Regardless of the chosen medium, it is important that the type of transport or preservation solution be consistent across all samples to ensure that the observed microbial differences reflect disease states rather than technical artifacts.
3.4. Storage Conditions
Beyond the choice of collection buffer, sample storage conditions may be another factor influencing sample stability and the integrity of oral microbiome data. Short-term storage at room temperature or 4 °C is often unavoidable, but the degree of microbial change depends largely on the medium used. Current evidence suggests that with appropriate preservatives (e.g., OMNIgene, DNA/RNA Shield), oral samples can remain stable at ambient temperature for 1–2 weeks [53]. Nonetheless, best practice from broader microbiome research recommends rapid freezing at −20 °C, and ideally −80 °C, particularly for studies requiring high sensitivity or long-term storage. Repeated freeze–thaw cycles should be minimized, as they can degrade DNA and reduce recovery of low-abundance organisms [52,53,54,55].
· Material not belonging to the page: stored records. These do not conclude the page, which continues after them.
lemma orbit_eq_if_mem:
  assumes "0 < p" "(f ^^ p) x = x" "y \<in> orbit f x"
  shows "orbit f y = orbit f x"
proof
  obtain a where a: "y = (f ^^ a) x" using assms(3) unfolding orbit_def by auto
  have "((f ^^ p) ^^ a) x = x" by (induction a) (simp_all add: assms(2))
  then have "(f ^^ (p * a - a)) y = x"
    using assms(1) by (simp add: a funpow_mult funpow_apply_add)
  then have "x \<in> orbit f y" unfolding orbit_def by (metis rangeI)
  then show "orbit f x \<subseteq> orbit f y" by (rule orbit_subset_orbit)
qed (rule orbit_subset_orbit[OF assms(3)])

lemma periodic_if_bij_betw_finite:
  assumes "finite A" "bij_betw f A A" "x \<in> A"
  obtains p where "0 < p" "(f ^^ p) x = x"
proof -
  have in_A: "(f ^^ k) x \<in> A" for k
    using bij_betwE[OF bij_betw_funpow[OF assms(2)]] assms(3) by blast
  have "\<not> inj_on (\<lambda>k. (f ^^ k) x) {..card A}"
  proof
    assume "inj_on (\<lambda>k. (f ^^ k) x) {..card A}"
    then have "Suc (card A) \<le> card A"
      using card_inj_on_le[of _ "{..card A}" A] in_A assms(1) by auto
    then show False by simp
  qed
  then obtain a b where ab: "a < b" "(f ^^ a) x = (f ^^ b) x"
    unfolding inj_on_def by (metis linorder_neq_iff)
  have "(f ^^ a) ((f ^^ (b - a)) x) = (f ^^ a) x" using ab by (simp add: funpow_apply_add)
  moreover have "inj_on (f ^^ a) A" using bij_betw_funpow[OF assms(2)] bij_betw_def by blast
  ultimately have "(f ^^ (b - a)) x = x" using in_A assms(3) by (meson inj_onD)
  then show ?thesis using ab by (intro that[of "b - a"]) auto
qed
(* Let $G$ be a directed graph on vertex set $V$ with $|V|=n$, and let $E^+\subseteq V\times V$ be a set of at most $f$ edges. Let $H$ be the graph on $V$ whose edge set consists of the following edges: (1) for each strongly connected component $S$ of $G$, the edges of a directed cycle on the vertices of $S$; (2) for each $uv\in E^+$ and each $w\in V$, an edge $vw$ if $v$ can reach $w$ in $G\cup E^+$, and an edge $wv$ if $w$ can reach $v$ in $G\cup E^+$. (Then $H$ has $O(nf)$ edges.) Then for all $u,v\in V$, $u$ and $v$ are strongly connected in $G\cup E^+$ if and only if they are strongly connected in $H$.
   Context: Two vertices are strongly connected if each can reach the other; strongly connected components are the equivalence classes of this relation. *)

theory Defs
  imports Main
begin

definition strongly_connected :: "('a \<times> 'a) set \<Rightarrow> 'a \<Rightarrow> 'a \<Rightarrow> bool" where
  "strongly_connected E u v \<longleftrightarrow> (u, v) \<in> E\<^sup>* \<and> (v, u) \<in> E\<^sup>*"

definition sccs :: "'a set \<Rightarrow> ('a \<times> 'a) set \<Rightarrow> 'a set set" where
  "sccs V E = (\<lambda>v. {w \<in> V. strongly_connected E v w}) ` V"

text \<open>C is the edge set of a directed cycle through all vertices of S
  (visiting each exactly once): consecutive pairs of a cyclic enumeration of S.
  For a singleton S this is a single self-loop.\<close>
definition is_cycle_on :: "'a set \<Rightarrow> ('a \<times> 'a) set \<Rightarrow> bool" where
  "is_cycle_on S C \<longleftrightarrow> (\<exists>xs. distinct xs \<and> set xs = S \<and>
      C = {(xs ! i, xs ! ((i + 1) mod length xs)) | i. i < length xs})"

definition extra_edges :: "'a set \<Rightarrow> ('a \<times> 'a) set \<Rightarrow> ('a \<times> 'a) set \<Rightarrow> ('a \<times> 'a) set" where
  "extra_edges V E Eplus =
     {(v, w) | u v w. (u, v) \<in> Eplus \<and> w \<in> V \<and> (v, w) \<in> (E \<union> Eplus)\<^sup>*} \<union>
     {(w, v) | u v w. (u, v) \<in> Eplus \<and> w \<in> V \<and> (w, v) \<in> (E \<union> Eplus)\<^sup>*}"

end

theory Submission
  imports Defs
begin

text \<open>Soundness is immediate: every edge of H is realised by a walk of G = E \<union> Eplus.
  For completeness, let u and v be strongly connected in G. If the closed walk
  through u and v avoids Eplus, they lie in one strongly connected component of E and the
  cycle on it connects them. Otherwise the walk passes through the head b of an extra
  edge, so u reaches b and b reaches v, and (u, b), (b, v) are type-(2) edges of H.\<close>

lemma strongly_connected_sym:
  "strongly_connected E u v \<Longrightarrow> strongly_connected E v u"
  unfolding strongly_connected_def by blast

lemma strongly_connected_subset_rtrancl:
  assumes "H \<subseteq> G\<^sup>*" and "strongly_connected H u v"
  shows "strongly_connected G u v"
  using assms rtrancl_subset_rtrancl unfolding strongly_connected_def by blast

lemma rtrancl_Un_cases:
  assumes "(x, y) \<in> (E \<union> F)\<^sup>*"
  obtains "(x, y) \<in> E\<^sup>*"
    | a b where "(a, b) \<in> F" "(x, a) \<in> (E \<union> F)\<^sup>*" "(b, y) \<in> (E \<union> F)\<^sup>*"
  using assms
proof (induction arbitrary: thesis rule: rtrancl_induct)
  case base
  then show ?case by simp
next
  case (step y z)
  show ?case
  proof (cases "(y, z) \<in> F")
    case True
    then show ?thesis using step.hyps(1) step.prems(2) by blast
  next
    case False
    then have "(y, z) \<in> E" using step.hyps(2) by blast
    show ?thesis
    proof (rule step.IH)
      show "(x, y) \<in> E\<^sup>* \<Longrightarrow> thesis"
        using \<open>(y, z) \<in> E\<close> step.prems(1) by (meson rtrancl_into_rtrancl)
      show "(a, b) \<in> F \<Longrightarrow> (x, a) \<in> (E \<union> F)\<^sup>* \<Longrightarrow> (b, y) \<in> (E \<union> F)\<^sup>* \<Longrightarrow> thesis" for a b
        using step.hyps(2) step.prems(2) by (meson rtrancl_into_rtrancl)
    qed
  qed
qed

lemma strongly_connected_Un_cases:
  assumes "strongly_connected (E \<union> F) x y"
  obtains "strongly_connected E x y"
    | a b where "(a, b) \<in> F" "(x, b) \<in> (E \<union> F)\<^sup>*" "(b, y) \<in> (E \<union> F)\<^sup>*"
proof -
  let ?G = "E \<union> F"
  have xy: "(x, y) \<in> ?G\<^sup>*" and yx: "(y, x) \<in> ?G\<^sup>*"
    using assms unfolding strongly_connected_def by auto
  have F_in: "(a, b) \<in> F \<Longrightarrow> (a, b) \<in> ?G\<^sup>*" for a b by blast
  show thesis
  proof (cases rule: rtrancl_Un_cases[OF xy])
    case E_xy: 1
    show thesis
    proof (cases rule: rtrancl_Un_cases[OF yx])
      case 1
      with E_xy show thesis using that(1) unfolding strongly_connected_def by blast
    next
      case (2 a b)
      then show thesis
        using that(2) xy F_in by (meson rtrancl_trans)
    qed
  next
    case (2 a b)
    then show thesis
      using that(2) F_in by (meson rtrancl_trans)
  qed
qed

lemma sccs_subset_rtrancl:
  assumes "S \<in> sccs V E"
  shows "S \<times> S \<subseteq> E\<^sup>*"
proof -
  obtain x where "S = {w \<in> V. strongly_connected E x w}"
    using assms unfolding sccs_def by blast
  then show ?thesis
    unfolding strongly_connected_def by (blast intro: rtrancl_trans)
qed

lemma strongly_connected_in_sccs:
  assumes "x \<in> V" "y \<in> V" "strongly_connected E x y"
  obtains S where "S \<in> sccs V E" "x \<in> S" "y \<in> S"
proof
  show "{w \<in> V. strongly_connected E x w} \<in> sccs V E"
    using assms(1) unfolding sccs_def by blast
qed (use assms in \<open>auto simp: strongly_connected_def\<close>)

lemma is_cycle_on_subset:
  assumes "is_cycle_on S C"
  shows "C \<subseteq> S \<times> S"
proof -
  obtain xs where "set xs = S"
    and C: "C = {(xs ! i, xs ! ((i + 1) mod length xs)) | i. i < length xs}"
    using assms unfolding is_cycle_on_def by blast
  show ?thesis
  proof
    fix p assume "p \<in> C"
    then obtain i where i: "i < length xs" "p = (xs ! i, xs ! ((i + 1) mod length xs))"
      unfolding C by blast
    then have "(i + 1) mod length xs < length xs"
      by (metis mod_less_divisor gr_implies_not0 gr0I)
    then show "p \<in> S \<times> S"
      using i \<open>set xs = S\<close> nth_mem by blast
  qed
qed

lemma is_cycle_on_rtrancl:
  assumes "is_cycle_on S C" "x \<in> S" "y \<in> S"
  shows "(x, y) \<in> C\<^sup>*"
proof -
  obtain xs where "set xs = S"
    and C: "C = {(xs ! i, xs ! ((i + 1) mod length xs)) | i. i < length xs}"
    using assms(1) unfolding is_cycle_on_def by blast
  let ?l = "length xs"
  obtain i j where ij: "i < ?l" "x = xs ! i" "j < ?l" "y = xs ! j"
    using assms(2,3) \<open>set xs = S\<close> by (metis in_set_conv_nth)
  have walk: "(xs ! i, xs ! ((i + k) mod ?l)) \<in> C\<^sup>*" for k
  proof (induction k)
    case 0
    then show ?case using ij by simp
  next
    case (Suc k)
    have "(i + k) mod ?l < ?l" using ij(1) by (metis mod_less_divisor gr_implies_not0 gr0I)
    then have "(xs ! ((i + k) mod ?l), xs ! (((i + k) mod ?l + 1) mod ?l)) \<in> C"
      unfolding C by blast
    then show ?case using Suc by (simp add: mod_Suc_eq rtrancl_into_rtrancl)
  qed
  have "(i + (j + ?l - i)) mod ?l = j" using ij by simp
  then show ?thesis using walk[of "j + ?l - i"] ij by simp
qed

lemma extra_edges_subset_rtrancl: "extra_edges V E F \<subseteq> (E \<union> F)\<^sup>*"
  unfolding extra_edges_def by blast

lemma extra_edges_through_head:
  assumes "(a, b) \<in> F" "x \<in> V" "y \<in> V"
    and "(x, b) \<in> (E \<union> F)\<^sup>*" "(b, y) \<in> (E \<union> F)\<^sup>*"
  shows "(x, y) \<in> (extra_edges V E F)\<^sup>*"
proof -
  have "(x, b) \<in> extra_edges V E F" "(b, y) \<in> extra_edges V E F"
    unfolding extra_edges_def using assms by blast+
  then show ?thesis by (meson converse_rtrancl_into_rtrancl r_into_rtrancl)
qed

lemma strongly_connected_Un_imp_rtrancl:
  assumes "\<forall>S \<in> sccs V E. is_cycle_on S (cyc S) \<and> cyc S \<subseteq> H"
    and "extra_edges V E F \<subseteq> H"
    and "x \<in> V" "y \<in> V" "strongly_connected (E \<union> F) x y"
  shows "(x, y) \<in> H\<^sup>*"
  using assms(5)
proof (cases rule: strongly_connected_Un_cases)
  case 1
  obtain S where S: "S \<in> sccs V E" "x \<in> S" "y \<in> S"
    by (rule strongly_connected_in_sccs[OF assms(3,4) 1])
  then have "(x, y) \<in> (cyc S)\<^sup>*"
    using assms(1) is_cycle_on_rtrancl[of S "cyc S" x y] by blast
  moreover have "cyc S \<subseteq> H" using assms(1) S(1) by blast
  ultimately show ?thesis by (meson rtrancl_mono subsetD)
next
  case (2 a b)
  then have "(x, y) \<in> (extra_edges V E F)\<^sup>*"
    using assms(3,4) by (intro extra_edges_through_head)
  then show ?thesis using assms(2) by (meson rtrancl_mono subsetD)
qed

theorem lemma9:
  fixes V :: "'a set" and E Eplus H :: "('a \<times> 'a) set" and n f :: nat
    and cyc :: "'a set \<Rightarrow> ('a \<times> 'a) set"
  assumes "finite V" and "card V = n"
    and "E \<subseteq> V \<times> V"
    and "Eplus \<subseteq> V \<times> V" and "card Eplus \<le> f"
    and "\<forall>S \<in> sccs V E. is_cycle_on S (cyc S)"
    and "H = (\<Union>S \<in> sccs V E. cyc S) \<union> extra_edges V E Eplus"
  shows "\<forall>u \<in> V. \<forall>v \<in> V.
           strongly_connected (E \<union> Eplus) u v \<longleftrightarrow> strongly_connected H u v"
proof -
  \<comment> \<open>The finiteness and cardinality hypotheses only matter for the size bound on H.\<close>
  let ?G = "E \<union> Eplus"
  have "cyc S \<subseteq> E\<^sup>*" if "S \<in> sccs V E" for S
    using that assms(6) is_cycle_on_subset sccs_subset_rtrancl[OF that] by blast
  moreover have "E\<^sup>* \<subseteq> ?G\<^sup>*" by (rule rtrancl_mono) blast
  ultimately have "H \<subseteq> ?G\<^sup>*"
    unfolding assms(7) using extra_edges_subset_rtrancl[of V E Eplus] by blast
  then have sound: "strongly_connected H u v \<Longrightarrow> strongly_connected ?G u v" for u v
    by (rule strongly_connected_subset_rtrancl)
  have "\<forall>S \<in> sccs V E. is_cycle_on S (cyc S) \<and> cyc S \<subseteq> H"
    using assms(6,7) by blast
  moreover have "extra_edges V E Eplus \<subseteq> H" using assms(7) by blast
  ultimately have complete: "strongly_connected ?G x y \<Longrightarrow> (x, y) \<in> H\<^sup>*"
    if "x \<in> V" "y \<in> V" for x y
    using that by (intro strongly_connected_Un_imp_rtrancl)
  show ?thesis
  proof (intro ballI iffI)
    fix u v assume "u \<in> V" "v \<in> V" "strongly_connected ?G u v"
    then show "strongly_connected H u v"
      using complete strongly_connected_sym unfolding strongly_connected_def by meson
  qed (rule sound)
qed

end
4. DNA Extraction and Sequencing
4.1. Microbial DNA Extraction
The goal of microbial DNA extraction is to efficiently recover high-quality nucleic acids while minimizing contamination from host DNA. Oral samples contain a large proportion of human epithelial cells and saliva; therefore, extraction protocols must balance effective depletion of host DNA and effective microbial cell lysis. A wide range of extraction methods and commercial kits are available, each differing in how they disrupt the cells and isolate the DNA. For example, the QIAamp DNA Microbiome kit (Qiagen) combines mechanical disruption, such as bead-beating, with host DNA depletion and enrichment of bacterial DNA. In contrast, the PureLink Microbiome DNA purification kit (Thermo Fisher Scientific, Waltham, MA, USA) recovers both microbial and host DNA, though its performance and suitability for integrated host–microbiome analyses in oral samples have not yet been evaluated [55].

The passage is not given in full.